Getting the Message

Most of us would agree that words matter.  Our friends, family, and coworkers judge our thoughts, emotions, and motives by our chosen words.  Similarly, our direct reports and customers assess our communication and determine the significance, alternative meaning, and relevance any time we communicate with them.  With everyone listening, it is easy to assume that the right message ends up with the right people.   However, communication possesses a few more complications.

Different people hear different things from the same communication.  Each exchange begins with an idea, moves through the sender’s and receiver’s filters, and arrives at receiver.  This filtering process creates many of the communication issues that we deal with on a daily basis.  Typical filters include nature or type of the message, personal experiences, personality traits, emotions, preformed perceptions, and expectations.  For example, if the receiver lacks trust in the sender, then the message interpretation varies from the interpretation of someone that feels a sense of trust toward the sender.  These differences in interpretations hurt relationships, productivity, as well as performance.

Think how many times you have participated or overheard a conversation where the participants tried to “read between the lines” and determine what the communication really meant.  At times, the interpretations vary as much as the participants do.  In other words, everyone heard something unique.

As human resource professional, we consider ourselves “people-people” and include effective communication as a central competency.  As people gurus, employees and managers alike seek our aid assuming we have an easy answer to their issues.  Even with the shift to more decentralization of human resource responsibilities, most managers consider human resources a source for knowledge of why people do what they do and how to get the most out of their employees.  Given this perception, why do some employees and managers go away unhappy after interacting with human resources? A common complaint regarding our interaction pertains to what those seeking advice think they hear.  A 2011 HCS survey found that 62 percent of responding managers and employees felt frustrated with the answers given by human resources.  When asked what created the frustration, the most common answers were:

  • HR did not know what to do about the issue
  • HR appeared overly concerned with rules and regulations
  • HR focused more on their processes then actually helping to their customers improve their operations

When considering each response, filtering definitely seems at play.  Although these characterizations would have been common in the past, most human resource functions have evolved to be more solution-focused in the last decade.  When we apply old filters to new, yet typical statements, some of the perceptions become a little more obvious.

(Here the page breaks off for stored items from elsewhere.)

inductive weq :: "bool \<Rightarrow> word \<Rightarrow> word \<Rightarrow> bool" for cox where
  refl: "weq cox w w"
| sym: "weq cox u v \<Longrightarrow> weq cox v u"
| trans: "weq cox u v \<Longrightarrow> weq cox v w \<Longrightarrow> weq cox u w"
| cancel: "weq cox (u @ [(i,b),(i,\<not> b)] @ v) (u @ v)"
| rel: "relator cox l r \<Longrightarrow> weq cox (u @ l @ v) (u @ r @ v)"

text \<open>The coset  g \<hat>s_i  (as a set of well-formed words), where \<hat>s_i is the standard
  parabolic subgroup generated by the generators other than s_i.\<close>
definition coset :: "bool \<Rightarrow> nat \<Rightarrow> word \<Rightarrow> word set" where
  "coset cox i g = {v. wfw v \<and> (\<exists>u. set (map fst u) \<subseteq> {1,2,3} - {i} \<and> weq cox v (g @ u))}"

type_synonym vertex = "nat \<times> word set"

text \<open>Vertices of the Artin complex D(B3) (cox = False) / Coxeter complex C(B3) (cox = True):
  pairs (i, g\<hat>s_i); i is the type.\<close>
definition verts :: "bool \<Rightarrow> vertex set" where
  "verts cox = {(i, coset cox i g) | i g. i \<in> {1,2,3} \<and> wfw g}"

definition simplices :: "bool \<Rightarrow> vertex set set" where
  "simplices cox = {\<sigma>. finite \<sigma> \<and> \<sigma> \<noteq> {} \<and> \<sigma> \<subseteq> verts cox \<and> \<Inter> (snd ` \<sigma>) \<noteq> {}}"

text \<open>The map rho : D(B3) \<rightarrow> C(B3) induced by A(B3) \<rightarrow> W(B3).\<close>
definition rho :: "vertex \<Rightarrow> vertex" where
  "rho v = (fst v, \<Union>w\<in>snd v. coset True (fst v) w)"

definition actW :: "word \<Rightarrow> vertex \<Rightarrow> vertex" where
  "actW r v = (fst v, \<Union>w\<in>snd v. coset True (fst v) (r @ w))"

definition reflection_s3 :: "word \<Rightarrow> bool" where
  "reflection_s3 r \<longleftrightarrow> (\<exists>g. wfw g \<and> r = g @ [(3,True)] @ inv_word g)"

definition nonfixed :: "word \<Rightarrow> vertex set" where
  "nonfixed r = {v \<in> verts True. actW r v \<noteq> v}"

definition cadj :: "word \<Rightarrow> (vertex \<times> vertex) set" where
  "cadj r = {(v,w). v \<in> nonfixed r \<and> w \<in> nonfixed r \<and> v \<noteq> w \<and> {v,w} \<in> simplices True}"

text \<open>U: the largest closed subcomplex of C(B3) contained in the component of C(B3) - H
  containing the non-fixed vertex v0, i.e. the full subcomplex on the vertices of that
  component.\<close>
definition falk_U :: "word \<Rightarrow> vertex \<Rightarrow> vertex set set" where
  "falk_U r v0 = {\<sigma> \<in> simplices True. \<sigma> \<subseteq> (cadj r)\<^sup>* `` {v0}}"

text \<open>L (a set of simplices of D(B3)) is a Falk subcomplex of type s3: a subcomplex of D(B3)
  mapped isomorphically onto some U by rho.\<close>
definition falk_subcomplex_s3 :: "vertex set set \<Rightarrow> bool" where
  "falk_subcomplex_s3 L \<longleftrightarrow>
     (\<exists>r v0. reflection_s3 r \<and> v0 \<in> nonfixed r \<and>
        L \<subseteq> simplices False \<and>
        (\<forall>\<sigma>\<in>L. \<forall>\<tau>. \<tau> \<subseteq> \<sigma> \<and> \<tau> \<noteq> {} \<longrightarrow> \<tau> \<in> L) \<and>
        inj_on rho (\<Union> L) \<and>
        (\<lambda>\<sigma>. rho ` \<sigma>) ` L = falk_U r v0)"

end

Typical Statement What is Heard
HR has to follow legal requirements to protect the organization. I really do not want to help you and the rules are my favorite excuse.
Have you discussed your concerns with the employee? I am going to make this unpleasant process last as long as possible by having you go back and meet with the employee again.
We will need to include documentation in the employee’s file and then we can move forward. In order to justify my existence, I have to make things as cumbersome as possible.
You have to encourage this person to help them be successful. We have no idea what to do to help you or the employee with this issue, so go back and try harder.
I understand you need to fill these vacancies as soon as possible, but we need to follow our process. I know it takes a long time to bring someone on-board, so I would make sure you do not need to hire anyone in the future.
We do not offer that training until later this year. We really do not see a reason why we need to be responsive to your needs.
I know you want to keep this star employee, but we have to insure that we maintain internal equity. We will not change compensation unless we think of it first.
We want to help, but this type of analysis takes time. We are busy with other things; do not bother us right now.
We cannot make an exception without offering the same opportunity to everyone. Your employee is not special, nor or you and I see no reason to help you with alternatives.